Seems like modifying this to "rm" should be ok: https://gcc.gnu.org/onlinedocs/gcc/Extended-Asm.html

@AshkanAliabadi, doesnt seem that I can get "rm" to work so just added "memory" to the clobbers list as you suggested.

AshkanAliabadi · 2020-07-15T19:51:54Z

aten/src/ATen/cpu/vec256/vec256_float_neon.h

+      return Vec256<float>(low, high);
+    }
+    else {
+      __at_align32__ float tmp_values[size()];


asignas(32)

OK it seems it is how PyTorch prefers to do it probably a practice from before alignas was added to the language.

AshkanAliabadi · 2020-07-15T19:56:03Z

aten/src/ATen/cpu/vec256/vec256_float_neon.h

+  // this should be removed. TODO (kimishpatel)
+  const float operator[](int idx) const {
+    __at_align32__ float tmp[size()];
+    store(tmp);


We have a store() and a loadu().

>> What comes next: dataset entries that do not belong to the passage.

text \<open>The descent step: in \<open>\<int>[\<zeta>\<^sub>N]\<close> every element fixed by the Frobenius up to sign is
  idempotent modulo 2, so \<open>n\<^sup>2 + (n b)\<^sup>2 + (n c)\<^sup>2 = 0\<close> forces \<open>n\<close>, \<open>n b\<close> and \<open>n c\<close> to be even
  there. As \<open>1/2 \<notin> \<int>[\<zeta>\<^sub>N]\<close>, the integer \<open>n\<close> is even and can be halved.\<close>

lemma frob_sign_denominator_descent:
  assumes N: "odd N" and b: "b \<in> Kprime" and c: "c \<in> Kprime"
    and frob_b: "frob b \<in> {b, - b}" and frob_c: "frob c \<in> {c, - c}" and sum: "1 + b ^ 2 + c ^ 2 = 0"
    and "n > 0" and B: "of_nat n * b \<in> int_adjoin (zeta N)" and C: "of_nat n * c \<in> int_adjoin (zeta N)"
  obtains m where "m > 0" and "m < n"
    and "of_nat m * b \<in> int_adjoin (zeta N)" and "of_nat m * c \<in> int_adjoin (zeta N)"
proof -
  let ?R = "int_adjoin (zeta N)"
  have frob_n: "frob (of_nat n) = of_nat n"
    using frob_of_rat[of "of_nat n"] by simp
  have frob_scaled: "frob (of_nat n * x) \<in> {of_nat n * x, - (of_nat n * x)}"
    if "x \<in> Kprime" and "frob x \<in> {x, - x}" for x
    using frob_mult[OF _ that(1), of "of_nat n"] frob_n that(2) Kprime_of_rat[of "of_nat n"] by auto
  have X: "of_nat n \<in> ?R" and FX: "frob (of_nat n) \<in> {of_nat n, - of_nat n}"
    using int_adjoin_of_nat frob_n by auto
  note FB = frob_scaled[OF b frob_b] and FC = frob_scaled[OF c frob_c]
  have "(of_nat n) ^ 2 + (of_nat n * b) ^ 2 + (of_nat n * c) ^ 2 = (of_nat n) ^ 2 * (1 + b ^ 2 + c ^ 2)"
    by (simp add: power_mult_distrib algebra_simps)
  then have "(of_nat n) ^ 2 + (of_nat n * b) ^ 2 + (of_nat n * c) ^ 2 = 0"
    using sum by simp
  then have "even_in ?R (of_nat n)" and "even_in ?R (of_nat n * b)" and "even_in ?R (of_nat n * c)"
    using frob_sign_sum_squares_even[OF N X B C FX FB FC] frob_sign_sum_squares_even[OF N B X C FB FX FC]
      frob_sign_sum_squares_even[OF N C X B FC FX FB]
    by (simp_all add: algebra_simps)
  have "even n"
  proof (rule ccontr)
    assume "odd n"
    then obtain k where k: "n = 2 * k + 1"
      using oddE by blast
    obtain w where "w \<in> ?R" and "of_nat n = 2 * w"
      using \<open>even_in ?R (of_nat n)\<close> unfolding even_in_def by blast
    then have "w - of_nat k \<in> ?R" and half: "2 * (w - of_nat k) = 1"
      using int_adjoin_diff int_adjoin_of_nat unfolding k by (auto simp: algebra_simps)
    then obtain P where "w - of_nat k = int_eval P (zeta N)"
      unfolding int_adjoin_def by blast
    with half show False
      using root_of_unity_half_not_integral[OF zeta_pow_self] odd_pos[OF N] by auto
  qed
  then obtain m where m: "n = 2 * m"
    by blast
  obtain wb wc where "wb \<in> ?R" "of_nat n * b = 2 * wb" and "wc \<in> ?R" "of_nat n * c = 2 * wc"
    using \<open>even_in ?R (of_nat n * b)\<close> \<open>even_in ?R (of_nat n * c)\<close> unfolding even_in_def by blast
  then show thesis
    using that[of m] \<open>n > 0\<close> unfolding m by simp
qed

You can consider adding aligned versions of these functions for internal use in this class, and then use them where you have control over the alignment of data like here. Just a suggestion.

I dont know for sure if it makes perf difference. It probably avoids address alignment check, but my understanding is that if the address is aligned there is no perf penalty but if it is not then there is one cycle penalty. In x86 if you use aligned vs of load with unaligned address you get exception, not sure if thats the case here but either way it not known to me if this introduces performance penalty.

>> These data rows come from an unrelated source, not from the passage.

theorem lemma2:
  fixes K Cr c1 :: real and k :: nat
  assumes "K > 0" and "Cr > 0" and "c1 > 0"
  shows "\<exists>n0::nat. \<forall>n\<ge>n0. \<forall>(r::nat) (uh::nat \<Rightarrow> nat \<Rightarrow> real) (cs::nat \<Rightarrow> real)
           (U::nat \<Rightarrow> nat \<Rightarrow> real) (\<sigma>::nat \<Rightarrow> nat).
    let \<gamma> = K * (ln (real n)) ^ k;
        Ustar = (\<lambda>i p. cs p powr (1/3) * uh i p);
        clow = Min ((\<lambda>p. cs p powr (1/3)) ` {..<r});
        chigh = Max ((\<lambda>p. cs p powr (1/3)) ` {..<r});
        \<omega> = chigh / clow;
        H = (\<lambda>i j. U i j - Ustar i (\<sigma> j));
        Tstar = (\<lambda>i j l. \<Sum>p<r. cs p * uh i p * uh j p * uh l p);
        T = sym_cp3 r U;
        G = (\<lambda>p q. inner_n n (col uh p) (col uh q))
    in (r \<ge> 1 \<and> real r \<le> Cr * real n powr 1.25
        \<and> (\<forall>p<r. cs p > 0) \<and> (\<forall>p<r. vec_norm n (col uh p) = 1)
        \<and> (\<forall>p<r. \<forall>q<r. p \<noteq> q \<longrightarrow> \<bar>G p q\<bar> \<le> \<gamma> / sqrt (real n))
        \<and> spec_norm n r uh \<le> 1 + c1 * sqrt (real r / real n)
        \<and> spec_norm r r (\<lambda>p q. G p q * G p q - (if p = q then 1 else 0)) \<le> \<gamma> * sqrt (real r) / real n
        \<and> bij_betw \<sigma> {..<r} {..<r}
        \<and> (\<forall>\<tau>. bij_betw \<tau> {..<r} {..<r} \<longrightarrow>
             mat_frob n r H \<le> mat_frob n r (\<lambda>i j. U i j - Ustar i (\<tau> j)))
        \<and> mat_frob n r H \<le> 0.07 * clow / \<omega> ^ 3)
      \<longrightarrow> 1.679 * clow ^ 4 * (mat_frob n r H)\<^sup>2 \<le> (tensor_frob n (\<lambda>i j l. T i j l - Tstar i j l))\<^sup>2
        \<and> (tensor_frob n (\<lambda>i j l. T i j l - Tstar i j l))\<^sup>2 \<le> 10.336 * \<omega> ^ 4 * clow ^ 4 * (mat_frob n r H)\<^sup>2"
proof -
  obtain n0 where n0: "\<forall>n\<ge>n0. \<forall>r::nat. real r \<le> Cr * real n powr 1.25 \<longrightarrow>
      K * ln (real n) ^ k * sqrt (real r) / real n \<le> 1/100000
    \<and> K * ln (real n) ^ k / sqrt (real n) * (1 + c1 * sqrt (real r / real n))\<^sup>2 \<le> 1/10"
    using eventually_incoherence_parameters_small[OF assms] by blast
  have polylog_nonneg: "0 \<le> K * ln (real n) ^ k" for n :: nat
    using assms(1) by (cases "n = 0") auto
  show ?thesis
    unfolding Let_def
    apply (intro exI[of _ n0] allI impI)
    apply (elim conjE)
    subgoal for n r uh cs U \<sigma>
      by (rule sym_cp3_error_bounds[where g = "K * ln (real n) ^ k / sqrt (real n)"
            and \<beta> = "1 + c1 * sqrt (real r / real n)" and \<epsilon> = "K * ln (real n) ^ k * sqrt (real r) / real n"])
         (use n0 polylog_nonneg[of n] in auto)
    done
qed

end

AshkanAliabadi · 2020-07-15T19:58:59Z

aten/src/ATen/cpu/vec256/vec256_float_neon.h

+  Vec256<float> operator==(const Vec256<float>& other) const {
+    float32x4_t res0, res1;
+    __asm__ (
+        "vceq.f32 %[res0], %[in_0], %[other_in_0]\n\t"


Does this modify the flags register. I think not, but if it does you need to add "cc" to the clobber list.

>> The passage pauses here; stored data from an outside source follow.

section \<open>Collapsing a stuttered word\<close>

locale collapse =
  fixes u w :: "'a list" and h :: "nat \<Rightarrow> nat" and i n :: nat
  assumes h_range: "p' \<in> {1..length w} \<Longrightarrow> h p' \<in> {1..length u}"
    and h_letter: "p' \<in> {1..length w} \<Longrightarrow> w ! (p' - 1) = u ! (h p' - 1)"
    and h_mono: "p' \<le> q' \<Longrightarrow> h p' \<le> h q'"
    and h_surj: "q \<in> {1..length u} \<Longrightarrow> \<exists>q'\<in>{1..length w}. h q' = q"
    and h_inj_off: "\<lbrakk>h p' = h q'; p' \<noteq> q'\<rbrakk> \<Longrightarrow> h p' = i"
    and i_unreachable: "i \<notin> ranker_positions u n"
begin

text \<open>Duplicator's invariant with k rounds left.\<close>

definition match :: "nat \<Rightarrow> nat \<Rightarrow> nat \<Rightarrow> bool" where
  "match k p p' \<longleftrightarrow> u ! (p - 1) = w ! (p' - 1) \<and>
     (p = h p' \<or> {min p (h p')..max p (h p')} \<inter> ranker_positions u k = {})"

lemma match_Suc: "match (Suc k) p p' \<Longrightarrow> match k p p'"
proof -
  have "ranker_positions u k \<subseteq> ranker_positions u (Suc k)" by (rule ranker_positions_mono) simp
  then show "match (Suc k) p p' \<Longrightarrow> match k p p'" unfolding match_def by auto
qed

lemma match_image: "p' \<in> {1..length w} \<Longrightarrow> match k (h p') p'"
  using h_letter by (simp add: match_def)

lemma less_if_h_less: "h q' < h p' \<Longrightarrow> q' < p'"
  using h_mono[of p' q'] by linarith

lemma preimage_with_letter:
  assumes "s \<in> {1..length u}"
  shows "\<exists>s'\<in>{1..length w}. h s' = s \<and> w ! (s' - 1) = u ! (s - 1)"
proof -
  obtain s' where "s' \<in> {1..length w}" "h s' = s" using h_surj[OF assms] ..
  then show ?thesis using h_letter by auto
qed

lemma image_letter_free:
  assumes "p' \<in> {1..length w}" "\<forall>t. q' < t \<longrightarrow> t < p' \<longrightarrow> w ! (t - 1) \<noteq> b"
  shows "\<forall>s. h q' < s \<longrightarrow> s < h p' \<longrightarrow> u ! (s - 1) \<noteq> b"
proof (intro allI impI notI)
  fix s assume s: "h q' < s" "s < h p'" "u ! (s - 1) = b"
  then have "s \<in> {1..length u}" using h_range[OF assms(1)] by auto
  then obtain s' where "s' \<in> {1..length w}" "h s' = s" "w ! (s' - 1) = b"
    using preimage_with_letter s(3) by metis
  moreover have "q' < s'" "s' < p'" using less_if_h_less s(1,2) \<open>h s' = s\<close> by auto
  ultimately show False using assms(2) by blast
qed

lemma match_ranker_free:
  assumes "k \<le> n" "match k p p'" "q' \<noteq> p'" "h q' \<in> {min p (h p')..max p (h p')}"
  shows "{min p (h p')..max p (h p')} \<inter> ranker_positions u k = {}"
proof (cases "p = h p'")
  case True
  then have "h p' = i" using assms(3,4) h_inj_off[of p' q'] by auto
  then show ?thesis using True i_unreachable ranker_positions_mono[OF assms(1)] by auto
next
  case False
  then show ?thesis using assms(2) by (simp add: match_def)
qed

I will check. Thanks for this catch.

Summary: Due to llvm bug and some unsupported intrinsics we could not directly use intrinsics for implementing aarch32 neon back end for Vec256. Instead we resort to inline assembly. Test Plan: vec256_test run on android phone. Reviewers: Subscribers: Tasks: Tags: Differential Revision: [D22482196](https://our.internmc.facebook.com/intern/diff/D22482196) [ghstack-poisoned]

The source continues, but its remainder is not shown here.